:: Given records ::
■ ■ ■ ■
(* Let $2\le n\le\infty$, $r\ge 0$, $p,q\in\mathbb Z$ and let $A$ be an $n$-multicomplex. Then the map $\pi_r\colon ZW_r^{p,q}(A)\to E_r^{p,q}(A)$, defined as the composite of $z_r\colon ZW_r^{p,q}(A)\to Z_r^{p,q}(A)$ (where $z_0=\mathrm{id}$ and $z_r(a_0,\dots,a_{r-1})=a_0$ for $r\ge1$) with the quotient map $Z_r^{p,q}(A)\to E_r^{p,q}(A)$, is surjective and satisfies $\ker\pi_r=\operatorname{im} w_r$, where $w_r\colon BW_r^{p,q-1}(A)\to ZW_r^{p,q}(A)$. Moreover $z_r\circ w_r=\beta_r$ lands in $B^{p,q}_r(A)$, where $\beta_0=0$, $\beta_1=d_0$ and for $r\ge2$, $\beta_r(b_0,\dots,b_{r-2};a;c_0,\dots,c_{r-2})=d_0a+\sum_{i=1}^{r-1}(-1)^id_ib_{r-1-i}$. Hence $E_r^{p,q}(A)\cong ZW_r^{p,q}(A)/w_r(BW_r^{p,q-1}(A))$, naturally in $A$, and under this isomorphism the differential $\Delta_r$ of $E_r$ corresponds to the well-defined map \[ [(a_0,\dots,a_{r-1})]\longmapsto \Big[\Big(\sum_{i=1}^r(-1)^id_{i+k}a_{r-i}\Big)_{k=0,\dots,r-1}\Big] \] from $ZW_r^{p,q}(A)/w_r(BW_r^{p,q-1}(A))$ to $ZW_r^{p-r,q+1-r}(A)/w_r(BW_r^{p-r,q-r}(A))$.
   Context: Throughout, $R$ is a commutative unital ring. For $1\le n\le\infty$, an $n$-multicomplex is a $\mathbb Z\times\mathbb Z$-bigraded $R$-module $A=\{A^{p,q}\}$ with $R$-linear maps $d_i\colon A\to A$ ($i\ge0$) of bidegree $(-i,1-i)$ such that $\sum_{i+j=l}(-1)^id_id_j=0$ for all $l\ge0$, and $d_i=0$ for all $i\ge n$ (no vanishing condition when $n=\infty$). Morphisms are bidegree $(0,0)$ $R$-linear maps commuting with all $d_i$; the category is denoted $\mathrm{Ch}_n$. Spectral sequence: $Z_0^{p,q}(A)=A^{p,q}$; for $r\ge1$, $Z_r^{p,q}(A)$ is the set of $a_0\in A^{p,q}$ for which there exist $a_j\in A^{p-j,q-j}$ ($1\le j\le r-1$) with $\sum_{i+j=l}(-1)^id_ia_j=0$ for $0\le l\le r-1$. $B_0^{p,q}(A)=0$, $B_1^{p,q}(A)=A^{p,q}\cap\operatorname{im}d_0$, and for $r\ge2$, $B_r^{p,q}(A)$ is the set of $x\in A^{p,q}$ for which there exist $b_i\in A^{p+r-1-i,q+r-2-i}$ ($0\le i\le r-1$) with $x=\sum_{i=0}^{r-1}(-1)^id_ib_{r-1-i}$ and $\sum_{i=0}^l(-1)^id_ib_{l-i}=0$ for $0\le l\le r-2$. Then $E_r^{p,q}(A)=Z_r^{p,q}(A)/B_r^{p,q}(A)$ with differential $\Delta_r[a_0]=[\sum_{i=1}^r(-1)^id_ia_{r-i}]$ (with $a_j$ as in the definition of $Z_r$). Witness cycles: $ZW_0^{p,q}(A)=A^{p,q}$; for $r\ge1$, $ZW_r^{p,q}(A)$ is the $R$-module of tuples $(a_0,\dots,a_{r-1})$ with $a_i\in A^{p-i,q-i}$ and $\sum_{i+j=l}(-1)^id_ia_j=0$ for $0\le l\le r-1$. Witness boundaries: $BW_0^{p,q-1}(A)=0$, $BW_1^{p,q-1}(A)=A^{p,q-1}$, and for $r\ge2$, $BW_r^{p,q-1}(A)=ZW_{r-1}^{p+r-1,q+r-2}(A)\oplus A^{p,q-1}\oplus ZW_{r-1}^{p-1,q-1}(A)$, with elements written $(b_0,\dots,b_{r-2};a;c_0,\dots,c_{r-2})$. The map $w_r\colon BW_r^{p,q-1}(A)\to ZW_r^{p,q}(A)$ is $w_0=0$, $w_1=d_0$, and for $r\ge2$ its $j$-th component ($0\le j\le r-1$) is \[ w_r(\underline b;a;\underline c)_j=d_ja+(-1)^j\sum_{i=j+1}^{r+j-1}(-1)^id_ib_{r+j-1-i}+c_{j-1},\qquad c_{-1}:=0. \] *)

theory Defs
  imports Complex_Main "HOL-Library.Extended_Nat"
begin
■ ■ ■ ■
From the first line to the last, retype the material exactly.

(* Let $2\le n\le\infty$, $r\ge 0$, $p,q\in\mathbb Z$ and let $A$ be an $n$-multicomplex. Then the map $\pi_r\colon ZW_r^{p,q}(A)\to E_r^{p,q}(A)$, defined as the composite of $z_r\colon ZW_r^{p,q}(A)\to Z_r^{p,q}(A)$ (where $z_0=\mathrm{id}$ and $z_r(a_0,\dots,a_{r-1})=a_0$ for $r\ge1$) with the quotient map $Z_r^{p,q}(A)\to E_r^{p,q}(A)$, is surjective and satisfies $\ker\pi_r=\operatorname{im} w_r$, where $w_r\colon BW_r^{p,q-1}(A)\to ZW_r^{p,q}(A)$. Moreover $z_r\circ w_r=\beta_r$ lands in $B^{p,q}_r(A)$, where $\beta_0=0$, $\beta_1=d_0$ and for $r\ge2$, $\beta_r(b_0,\dots,b_{r-2};a;c_0,\dots,c_{r-2})=d_0a+\sum_{i=1}^{r-1}(-1)^id_ib_{r-1-i}$. Hence $E_r^{p,q}(A)\cong ZW_r^{p,q}(A)/w_r(BW_r^{p,q-1}(A))$, naturally in $A$, and under this isomorphism the differential $\Delta_r$ of $E_r$ corresponds to the well-defined map \[ [(a_0,\dots,a_{r-1})]\longmapsto \Big[\Big(\sum_{i=1}^r(-1)^id_{i+k}a_{r-i}\Big)_{k=0,\dots,r-1}\Big] \] from $ZW_r^{p,q}(A)/w_r(BW_r^{p,q-1}(A))$ to $ZW_r^{p-r,q+1-r}(A)/w_r(BW_r^{p-r,q-r}(A))$.
   Context: Throughout, $R$ is a commutative unital ring. For $1\le n\le\infty$, an $n$-multicomplex is a $\mathbb Z\times\mathbb Z$-bigraded $R$-module $A=\{A^{p,q}\}$ with $R$-linear maps $d_i\colon A\to A$ ($i\ge0$) of bidegree $(-i,1-i)$ such that $\sum_{i+j=l}(-1)^id_id_j=0$ for all $l\ge0$, and $d_i=0$ for all $i\ge n$ (no vanishing condition when $n=\infty$). Morphisms are bidegree $(0,0)$ $R$-linear maps commuting with all $d_i$; the category is denoted $\mathrm{Ch}_n$. Spectral sequence: $Z_0^{p,q}(A)=A^{p,q}$; for $r\ge1$, $Z_r^{p,q}(A)$ is the set of $a_0\in A^{p,q}$ for which there exist $a_j\in A^{p-j,q-j}$ ($1\le j\le r-1$) with $\sum_{i+j=l}(-1)^id_ia_j=0$ for $0\le l\le r-1$. $B_0^{p,q}(A)=0$, $B_1^{p,q}(A)=A^{p,q}\cap\operatorname{im}d_0$, and for $r\ge2$, $B_r^{p,q}(A)$ is the set of $x\in A^{p,q}$ for which there exist $b_i\in A^{p+r-1-i,q+r-2-i}$ ($0\le i\le r-1$) with $x=\sum_{i=0}^{r-1}(-1)^id_ib_{r-1-i}$ and $\sum_{i=0}^l(-1)^id_ib_{l-i}=0$ for $0\le l\le r-2$. Then $E_r^{p,q}(A)=Z_r^{p,q}(A)/B_r^{p,q}(A)$ with differential $\Delta_r[a_0]=[\sum_{i=1}^r(-1)^id_ia_{r-i}]$ (with $a_j$ as in the definition of $Z_r$). Witness cycles: $ZW_0^{p,q}(A)=A^{p,q}$; for $r\ge1$, $ZW_r^{p,q}(A)$ is the $R$-module of tuples $(a_0,\dots,a_{r-1})$ with $a_i\in A^{p-i,q-i}$ and $\sum_{i+j=l}(-1)^id_ia_j=0$ for $0\le l\le r-1$. Witness boundaries: $BW_0^{p,q-1}(A)=0$, $BW_1^{p,q-1}(A)=A^{p,q-1}$, and for $r\ge2$, $BW_r^{p,q-1}(A)=ZW_{r-1}^{p+r-1,q+r-2}(A)\oplus A^{p,q-1}\oplus ZW_{r-1}^{p-1,q-1}(A)$, with elements written $(b_0,\dots,b_{r-2};a;c_0,\dots,c_{r-2})$. The map $w_r\colon BW_r^{p,q-1}(A)\to ZW_r^{p,q}(A)$ is $w_0=0$, $w_1=d_0$, and for $r\ge2$ its $j$-th component ($0\le j\le r-1$) is \[ w_r(\underline b;a;\underline c)_j=d_ja+(-1)^j\sum_{i=j+1}^{r+j-1}(-1)^id_ib_{r+j-1-i}+c_{j-1},\qquad c_{-1}:=0. \] *)

theory Defs
  imports Complex_Main "HOL-Library.Extended_Nat"
begin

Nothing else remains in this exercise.